Work required
When a line in the records contains the string "respect", copy that line.

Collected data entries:
[Start of section]
(* Let $k$ be an algebraically closed field of characteristic $2$, $S=\mathbf{V}(g)\subset\mathbb{A}^3$ with $g = x^2+y^2z+yz^2+xyz$, and $m\ge 5$. Let $R_m = k[x_0,\dots,x_m,y_0,\dots,y_m,z_0,\dots,z_m]$, $(\mathbb{A}^3)_m=\mathrm{Spec}\,R_m$, and define $g^{(j)}\in R_m$ by $g(\sum_{i=0}^m x_it^i,\sum_{i=0}^m y_it^i,\sum_{i=0}^m z_it^i)=\sum_{j=0}^m g^{(j)}t^j$ in $R_m[t]/\langle t^{m+1}\rangle$. Let $S_m^0=\mathbf{V}(x_0,y_0,z_0,g^{(0)},\dots,g^{(m)})$ be the singular fiber of the $m$-th jet scheme of $S$. Define $I_m^0 = \langle x_0,x_1,x_2,y_0,y_1,z_0,z_1\rangle + \langle g^{(0)},\dots,g^{(m)}\rangle$, $I_m^1 = J_m^1 (R_m)_{z_1}\cap R_m$, $I_m^2 = J_m^2 (R_m)_{y_1}\cap R_m$, $I_m^3 = J_m^3 (R_m)_{y_1}\cap R_m$, where $J_m^1 = \langle x_0,x_1,y_0,y_1,z_0\rangle + \langle g^{(0)},\dots,g^{(m)}\rangle$, $J_m^2 = \langle x_0,x_1,y_0,z_0,z_1\rangle + \langle g^{(0)},\dots,g^{(m)}\rangle$, $J_m^3 = \langle x_0,x_1,y_0,z_0,y_1+z_1\rangle + \langle g^{(0)},\dots,g^{(m)}\rangle$, and $Z_m^i=\mathbf{V}(I_m^i)$ for $i=0,1,2,3$ (these are the irreducible components of $S_m^0$). Then the maximal elements of $\{Z_m^i\cap Z_m^j\mid i,j\in\{0,1,2,3\},\ i\ne j\}$ with respect to inclusion are $Z_m^0\cap Z_m^1$, $Z_m^0\cap Z_m^2$ and $Z_m^0\cap Z_m^3$, and they are pairwise distinct. In particular, $Z_m^1\cap Z_m^2,\ Z_m^2\cap Z_m^3,\ Z_m^3\cap Z_m^1\subsetneq Z_m^0$.
   Context: $(R_m)_h$ is the localization at powers of $h$, $J(R_m)_h\cap R_m$ the preimage in $R_m$ of the extended ideal, and $\mathbf{V}(\cdot)$ the zero set in $(\mathbb{A}^3)_m$. *)

theory Defs
  imports "HOL-Library.Poly_Mapping" "HOL-Computational_Algebra.Polynomial"
begin

datatype var = X nat | Y nat | Z nat

fun var_index :: "var \<Rightarrow> nat" where
  "var_index (X i) = i" | "var_index (Y i) = i" | "var_index (Z i) = i"

type_synonym 'k mpoly = "(var \<Rightarrow>\<^sub>0 nat) \<Rightarrow>\<^sub>0 'k"

definition Var :: "var \<Rightarrow> 'k::comm_ring_1 mpoly" where
  "Var v = Poly_Mapping.single (Poly_Mapping.single v 1) 1"

definition vars :: "'k::zero mpoly \<Rightarrow> var set" where
  "vars p = (\<Union>mo\<in>Poly_Mapping.keys p. Poly_Mapping.keys mo)"

definition Rm :: "nat \<Rightarrow> 'k::zero mpoly set" where
  "Rm m = {p. \<forall>v\<in>vars p. var_index v \<le> m}"

definition eval :: "'k::comm_ring_1 mpoly \<Rightarrow> (var \<Rightarrow> 'k) \<Rightarrow> 'k" where
  "eval p a = (\<Sum>mo\<in>Poly_Mapping.keys p.
      Poly_Mapping.lookup p mo * (\<Prod>v\<in>Poly_Mapping.keys mo. a v ^ Poly_Mapping.lookup mo v))"

text \<open>k-points of (A^3)_m: coordinates indexed by variables of R_m (others set to 0).\<close>
definition points :: "nat \<Rightarrow> (var \<Rightarrow> 'k::zero) set" where
  "points m = {a. \<forall>v. m < var_index v \<longrightarrow> a v = 0}"

definition ideal_gen :: "nat \<Rightarrow> 'k::comm_ring_1 mpoly set \<Rightarrow> 'k mpoly set" where
  "ideal_gen m S = {(\<Sum>s\<in>F. c s * s) | F c. finite F \<and> F \<subseteq> S \<and> (\<forall>s. c s \<in> Rm m)}"

text \<open>J (R_m)_h \<inter> R_m, i.e. the saturation of J with respect to h
  (x/1 \<in> J (R_m)_h iff h^n x \<in> J for some n).\<close>
definition saturate :: "nat \<Rightarrow> 'k::comm_ring_1 mpoly set \<Rightarrow> 'k mpoly \<Rightarrow> 'k mpoly set" where
  "saturate m J h = {p \<in> Rm m. \<exists>n. h ^ n * p \<in> J}"

definition zero_set :: "nat \<Rightarrow> 'k::comm_ring_1 mpoly set \<Rightarrow> (var \<Rightarrow> 'k) set" where
  "zero_set m I = {a \<in> points m. \<forall>p\<in>I. eval p a = 0}"

definition gfun :: "'a::comm_ring_1 \<Rightarrow> 'a \<Rightarrow> 'a \<Rightarrow> 'a" where
  "gfun x y z = x^2 + y^2 * z + y * z^2 + x * y * z"

definition arc :: "(nat \<Rightarrow> var) \<Rightarrow> nat \<Rightarrow> 'k::comm_ring_1 mpoly poly" where
  "arc V m = (\<Sum>i\<le>m. monom (Var (V i)) i)"

text \<open>g^{(j)}: coefficient of t^j of g(x(t),y(t),z(t)); for j \<le> m this equals the
  coefficient in R_m[t]/(t^{m+1}).\<close>
definition gj :: "nat \<Rightarrow> nat \<Rightarrow> 'k::comm_ring_1 mpoly" where
  "gj m j = coeff (gfun (arc X m) (arc Y m) (arc Z m)) j"

definition gens_g :: "nat \<Rightarrow> 'k::comm_ring_1 mpoly set" where
  "gens_g m = {gj m j | j. j \<le> m}"

definition I0 :: "nat \<Rightarrow> 'k::comm_ring_1 mpoly set" where
  "I0 m = ideal_gen m ({Var (X 0), Var (X 1), Var (X 2), Var (Y 0), Var (Y 1), Var (Z 0), Var (Z 1)}
            \<union> gens_g m)"

definition J1 :: "nat \<Rightarrow> 'k::comm_ring_1 mpoly set" where
  "J1 m = ideal_gen m ({Var (X 0), Var (X 1), Var (Y 0), Var (Y 1), Var (Z 0)} \<union> gens_g m)"

definition J2 :: "nat \<Rightarrow> 'k::comm_ring_1 mpoly set" where
  "J2 m = ideal_gen m ({Var (X 0), Var (X 1), Var (Y 0), Var (Z 0), Var (Z 1)} \<union> gens_g m)"

definition J3 :: "nat \<Rightarrow> 'k::comm_ring_1 mpoly set" where
  "J3 m = ideal_gen m ({Var (X 0), Var (X 1), Var (Y 0), Var (Z 0), Var (Y 1) + Var (Z 1)} \<union> gens_g m)"

definition Iset :: "nat \<Rightarrow> nat \<Rightarrow> 'k::comm_ring_1 mpoly set" where
  "Iset m i = (if i = 0 then I0 m
               else if i = 1 then saturate m (J1 m) (Var (Z 1))
               else if i = 2 then saturate m (J2 m) (Var (Y 1))
               else saturate m (J3 m) (Var (Y 1)))"

definition Zc :: "nat \<Rightarrow> nat \<Rightarrow> (var \<Rightarrow> 'k::comm_ring_1) set" where
  "Zc m i = zero_set m (Iset m i)"

definition maximal_elements :: "'a set set \<Rightarrow> 'a set set" where
  "maximal_elements \<S> = {A \<in> \<S>. \<forall>B\<in>\<S>. A \<subseteq> B \<longrightarrow> A = B}"

definition alg_closed :: "'k::field itself \<Rightarrow> bool" where
  "alg_closed _ \<longleftrightarrow> (\<forall>p :: 'k poly. 0 < degree p \<longrightarrow> (\<exists>x. poly p x = 0))"

end

theory Submission
  imports Defs
begin

text \<open>
  On \<open>Z\<^sup>i \<inter> Z\<^sup>j\<close> (\<open>1 \<le> i < j \<le> 3\<close>) the coordinates \<open>x\<^sub>0, x\<^sub>1, y\<^sub>0, y\<^sub>1, z\<^sub>0, z\<^sub>1\<close> vanish, and then
  \<open>g\<^sup>(\<^sup>4\<^sup>) = x\<^sub>2\<^sup>2\<close>, so the point lies in \<open>Z\<^sup>0\<close>. The three intersections \<open>Z\<^sup>0 \<inter> Z\<^sup>i\<close> are
  separated by the jets of the arcs \<open>(0, b t\<^sup>2, c t\<^sup>2)\<close> with \<open>(b, c) = (0, 1), (1, 0), (1, 1)\<close>.
  Each lies on \<open>Z\<^sup>i\<close> as the limit \<open>s \<rightarrow> 0\<close> of the arcs \<open>(0, b (s t + t\<^sup>2), c (s t + t\<^sup>2))\<close>, which
  lie on \<open>\<^bold>V(J\<^sup>i)\<close> and off \<open>h\<^sub>i = 0\<close> for \<open>s \<noteq> 0\<close>. It avoids the other two components:
  modulo \<open>J\<^sup>j\<close> the generic arcs reduce to arcs of positive \<open>t\<close>-order along which, in
  characteristic \<open>2\<close>, the \<open>t\<^sup>5\<close>-coefficient of \<open>g\<close> is \<open>h\<^sub>j q\<^sub>j\<close> for an explicit quadratic \<open>q\<^sub>j\<close>;
  hence \<open>q\<^sub>j \<in> I\<^sup>j\<close>, and \<open>q\<^sub>j\<close> does not vanish at the point.
\<close>

section \<open>Evaluation at a point is a ring homomorphism\<close>

definition monomial_value :: "(var \<Rightarrow>\<^sub>0 nat) \<Rightarrow> (var \<Rightarrow> 'k::comm_ring_1) \<Rightarrow> 'k" where
  "monomial_value mo a = (\<Prod>v\<in>Poly_Mapping.keys mo. a v ^ Poly_Mapping.lookup mo v)"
[End of section]
Result
(* Let $k$ be an algebraically closed field of characteristic $2$, $S=\mathbf{V}(g)\subset\mathbb{A}^3$ with $g = x^2+y^2z+yz^2+xyz$, and $m\ge 5$. Let $R_m = k[x_0,\dots,x_m,y_0,\dots,y_m,z_0,\dots,z_m]$, $(\mathbb{A}^3)_m=\mathrm{Spec}\,R_m$, and define $g^{(j)}\in R_m$ by $g(\sum_{i=0}^m x_it^i,\sum_{i=0}^m y_it^i,\sum_{i=0}^m z_it^i)=\sum_{j=0}^m g^{(j)}t^j$ in $R_m[t]/\langle t^{m+1}\rangle$. Let $S_m^0=\mathbf{V}(x_0,y_0,z_0,g^{(0)},\dots,g^{(m)})$ be the singular fiber of the $m$-th jet scheme of $S$. Define $I_m^0 = \langle x_0,x_1,x_2,y_0,y_1,z_0,z_1\rangle + \langle g^{(0)},\dots,g^{(m)}\rangle$, $I_m^1 = J_m^1 (R_m)_{z_1}\cap R_m$, $I_m^2 = J_m^2 (R_m)_{y_1}\cap R_m$, $I_m^3 = J_m^3 (R_m)_{y_1}\cap R_m$, where $J_m^1 = \langle x_0,x_1,y_0,y_1,z_0\rangle + \langle g^{(0)},\dots,g^{(m)}\rangle$, $J_m^2 = \langle x_0,x_1,y_0,z_0,z_1\rangle + \langle g^{(0)},\dots,g^{(m)}\rangle$, $J_m^3 = \langle x_0,x_1,y_0,z_0,y_1+z_1\rangle + \langle g^{(0)},\dots,g^{(m)}\rangle$, and $Z_m^i=\mathbf{V}(I_m^i)$ for $i=0,1,2,3$ (these are the irreducible components of $S_m^0$). Then the maximal elements of $\{Z_m^i\cap Z_m^j\mid i,j\in\{0,1,2,3\},\ i\ne j\}$ with respect to inclusion are $Z_m^0\cap Z_m^1$, $Z_m^0\cap Z_m^2$ and $Z_m^0\cap Z_m^3$, and they are pairwise distinct. In particular, $Z_m^1\cap Z_m^2,\ Z_m^2\cap Z_m^3,\ Z_m^3\cap Z_m^1\subsetneq Z_m^0$.
text \<open>J (R_m)_h \<inter> R_m, i.e. the saturation of J with respect to h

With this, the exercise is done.